Run from Port Resolution in Tanna to Port Vila in Efaté (Vanuatu): 135 miles

The weather did improve a little on Friday last week to enable us to visit the live volcano in Tanna. The ride was in an Izuzu 4x4 where 10 of us sailors including 2 ladies were squashed in the open flatback while 6 of our ladies sat inside the double cab. We were meant to have gone in two 4x4s, but the second never turned up. On the way, to stretch our legs, we stopped at an indigenous village, where the men, women and children performed a welcoming dance. They were naked except that their front was covered by ‘une paille’, the French word for a kind a straw loin cloth. The women were jumping up and down outside the circle of stamping and clapping men holding their overused breasts. We soon moved on to the volcano. The ride was unimaginably uncomfortable with the unmade ‘road’ being a single track through the bush with masses of puddles from the intense rain of the preceding days. I estimate the average speed to have been around 15mph. Painful in more ways than one. The last quarter of an hour to the crater was a steep climb on the black rocksand, while beyond the edge of the crater large lumps of fire were being catapulted into the air accompanied by loud banging and belching. It spurred us on to reach the edge, where, looking straight down the inside slope, two juxtaposed centres competed in belching and spewing out a spread of burning lumps of rock that would settle on the lower stretches of the inside slope. One massive belching bang was so loud that my ears hurt. The ride back to Port Resolution was only bearable in the knowledge that we would be back in the end. About three quarters of an hour.

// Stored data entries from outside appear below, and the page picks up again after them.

(* Let $T$ be an iso-unique zero forcing tree, let $\mathcal{P}$ be a minimum path cover of $T$, and let $P: x_1,\ldots,x_\ell$ be a path in $\mathcal{P}$. Let $p=\frac{\ell+1}{2}$ if $\ell$ is odd and $p=\frac{\ell}{2}$ if $\ell$ is even. (a) If $\ell$ is odd, then the connected components of $T-x_p$ that contain $x_{p-1}$ and $x_{p+1}$, respectively, are isomorphic. (b) If $\ell$ is even, then the connected components of $T-x_px_{p+1}$ that contain $x_p$ and $x_{p+1}$, respectively, are isomorphic. Moreover, there is an automorphism of $T$ that maps $x_1$ to $x_\ell$ and $x_\ell$ to $x_1$.
   Context: Zero forcing: in a graph $G$, starting with an initial set $S\subseteq V(G)$ of active vertices, repeatedly apply the rule: if an active vertex $u$ has exactly one non-active neighbor $v$, then $v$ becomes active. $S$ is a zero forcing set if eventually all vertices become active; a minimum zero forcing set is one of minimum size. A graph is an iso-unique zero forcing graph if for every two minimum zero forcing sets $A,B$ there is an automorphism $\phi$ with $\phi(A)=B$. A path cover of a tree $T$ is a set of vertex-disjoint paths of $T$ (a single vertex counts as a path) covering all vertices of $T$; it is minimum if no path cover has fewer paths. $P:x_1,\ldots,x_\ell$ denotes the path with vertices $x_1,\dots,x_\ell$ and edges $x_ix_{i+1}$. *)

theory Defs
  imports Main
begin

definition graph :: "'a set \<Rightarrow> ('a \<Rightarrow> 'a \<Rightarrow> bool) \<Rightarrow> bool" where
  "graph V E \<longleftrightarrow> finite V \<and>
     (\<forall>u v. E u v \<longrightarrow> u \<in> V \<and> v \<in> V \<and> u \<noteq> v \<and> E v u)"

definition restrict_adj :: "'a set \<Rightarrow> ('a \<Rightarrow> 'a \<Rightarrow> bool) \<Rightarrow> 'a \<Rightarrow> 'a \<Rightarrow> bool" where
  "restrict_adj W E u v \<longleftrightarrow> u \<in> W \<and> v \<in> W \<and> E u v"

definition delete_edge :: "('a \<Rightarrow> 'a \<Rightarrow> bool) \<Rightarrow> 'a \<Rightarrow> 'a \<Rightarrow> 'a \<Rightarrow> 'a \<Rightarrow> bool" where
  "delete_edge E a b u v \<longleftrightarrow> E u v \<and> \<not> ((u = a \<and> v = b) \<or> (u = b \<and> v = a))"

definition connected_graph :: "'a set \<Rightarrow> ('a \<Rightarrow> 'a \<Rightarrow> bool) \<Rightarrow> bool" where
  "connected_graph V E \<longleftrightarrow> (\<forall>u\<in>V. \<forall>v\<in>V. E\<^sup>*\<^sup>* u v)"

definition is_cycle :: "('a \<Rightarrow> 'a \<Rightarrow> bool) \<Rightarrow> 'a list \<Rightarrow> bool" where
  "is_cycle E c \<longleftrightarrow> length c \<ge> 3 \<and> distinct c \<and>
     (\<forall>i. Suc i < length c \<longrightarrow> E (c ! i) (c ! Suc i)) \<and> E (last c) (hd c)"

definition tree :: "'a set \<Rightarrow> ('a \<Rightarrow> 'a \<Rightarrow> bool) \<Rightarrow> bool" where
  "tree V E \<longleftrightarrow> graph V E \<and> V \<noteq> {} \<and> connected_graph V E \<and> (\<nexists>c. is_cycle E c)"

definition component :: "'a set \<Rightarrow> ('a \<Rightarrow> 'a \<Rightarrow> bool) \<Rightarrow> 'a \<Rightarrow> 'a set" where
  "component V E x = {v \<in> V. E\<^sup>*\<^sup>* x v}"

definition iso_induced :: "('a \<Rightarrow> 'a \<Rightarrow> bool) \<Rightarrow> 'a set \<Rightarrow> 'a set \<Rightarrow> bool" where
  "iso_induced E A B \<longleftrightarrow> (\<exists>f. bij_betw f A B \<and> (\<forall>u\<in>A. \<forall>v\<in>A. E u v \<longleftrightarrow> E (f u) (f v)))"

definition automorphism :: "'a set \<Rightarrow> ('a \<Rightarrow> 'a \<Rightarrow> bool) \<Rightarrow> ('a \<Rightarrow> 'a) \<Rightarrow> bool" where
  "automorphism V E \<phi> \<longleftrightarrow> bij_betw \<phi> V V \<and> (\<forall>u\<in>V. \<forall>v\<in>V. E u v \<longleftrightarrow> E (\<phi> u) (\<phi> v))"

inductive_set zf_closure :: "('a \<Rightarrow> 'a \<Rightarrow> bool) \<Rightarrow> 'a set \<Rightarrow> 'a set"
  for E :: "'a \<Rightarrow> 'a \<Rightarrow> bool" and S :: "'a set" where
  init: "x \<in> S \<Longrightarrow> x \<in> zf_closure E S"
| force: "u \<in> zf_closure E S \<Longrightarrow> E u v \<Longrightarrow>
           (\<forall>w. E u w \<and> w \<noteq> v \<longrightarrow> w \<in> zf_closure E S) \<Longrightarrow> v \<in> zf_closure E S"

definition zero_forcing_set :: "'a set \<Rightarrow> ('a \<Rightarrow> 'a \<Rightarrow> bool) \<Rightarrow> 'a set \<Rightarrow> bool" where
  "zero_forcing_set V E S \<longleftrightarrow> S \<subseteq> V \<and> V \<subseteq> zf_closure E S"
(* Let $\Gamma\in\mathcal S$ have $n$ vertices and let $\varphi$ be an embedding into $\mathbb Z^n$ such that exactly one index $t$ is of type (6), exactly one index is of type (5), and every other index is of type (4) or (7). Then $\Gamma\in\mathcal G$ (in particular $\Gamma$ is a linear chain), and the two vertices $v$ with nonzero coefficient at $E_t$ in $\varphi(v)$ are the two end vertices of the chain.
   Context: A plumbing tree is a finite tree $\Gamma$ each of whose vertices $v$ carries an integer decoration $d(v)$. $\Gamma$ is minimal if no vertex has decoration $-1$. For $n\ge 1$ let $(\mathbb Z^n,Q_n)$ be the lattice with basis $E_1,\dots,E_n$ and $Q_n(E_i,E_j)=-\delta_{ij}$, and let $K=\sum_{i=1}^n E_i$. A plumbing tree $\Gamma$ on $n$ vertices is a symplectic plumbing tree if there is a map $\varphi$ (an embedding) from its vertex set to $\mathbb Z^n$ such that: for distinct vertices $v_1,v_2$, $Q_n(\varphi(v_1),\varphi(v_2))$ is $1$ if they are adjacent and $0$ otherwise; $Q_n(\varphi(v),\varphi(v))=d(v)$ for every $v$; and $Q_n(\varphi(v),K)+Q_n(\varphi(v),\varphi(v))=-2$ for every $v$. $\mathcal S$ is the set of minimal, connected symplectic plumbing trees. Index types: write $\varphi(v)=\sum_i a_{v,i}E_i$; for an index $i$ consider the multiset of nonzero coefficients $a_{v,i}$ as $v$ ranges over all vertices. Index $i$ is of type (1) if this multiset is $\{1\}$, (2) if $\{-1\}$, (3) if $\{-2\}$, (4) if $\{1,-1\}$, (5) if $\{1,-2\}$, (6) if $\{-1,-1\}$, (7) if $\{1,-1,-1\}$, (9) if $\{1,-1,-1,-1\}$, and (10) if it is empty. (G) For coprime integers $p>q>0$ write $p^2/(pq-1)=a_1-\cfrac{1}{a_2-\cfrac{1}{\ddots-\cfrac{1}{a_k}}}$ with all $a_i\ge 2$ integers; $\Gamma_{p/q}$ is the linear chain with decorations $-a_1,\dots,-a_k$ in order, and $\mathcal G$ is the set of all $\Gamma_{p/q}$. *)

theory Defs
  imports Complex_Main "HOL-Library.Multiset"
begin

The following morning the weather improved a little more making us anxious to get away before the weather changed. We got underway by about 9am in a fresh breeze that held all the way to Port Vila. Amazingly, we noticed that the skies cleared of the dark clouds that seemed to envelop Tanna. Port Vila appears to have suffered less in cyclone damage and it felt good to be in relative civilisation, where the people speak English in addition to their patois. We are moored, or should I say squashed up among the other World ARC boats to the quay, which also serves as a footpath for the public.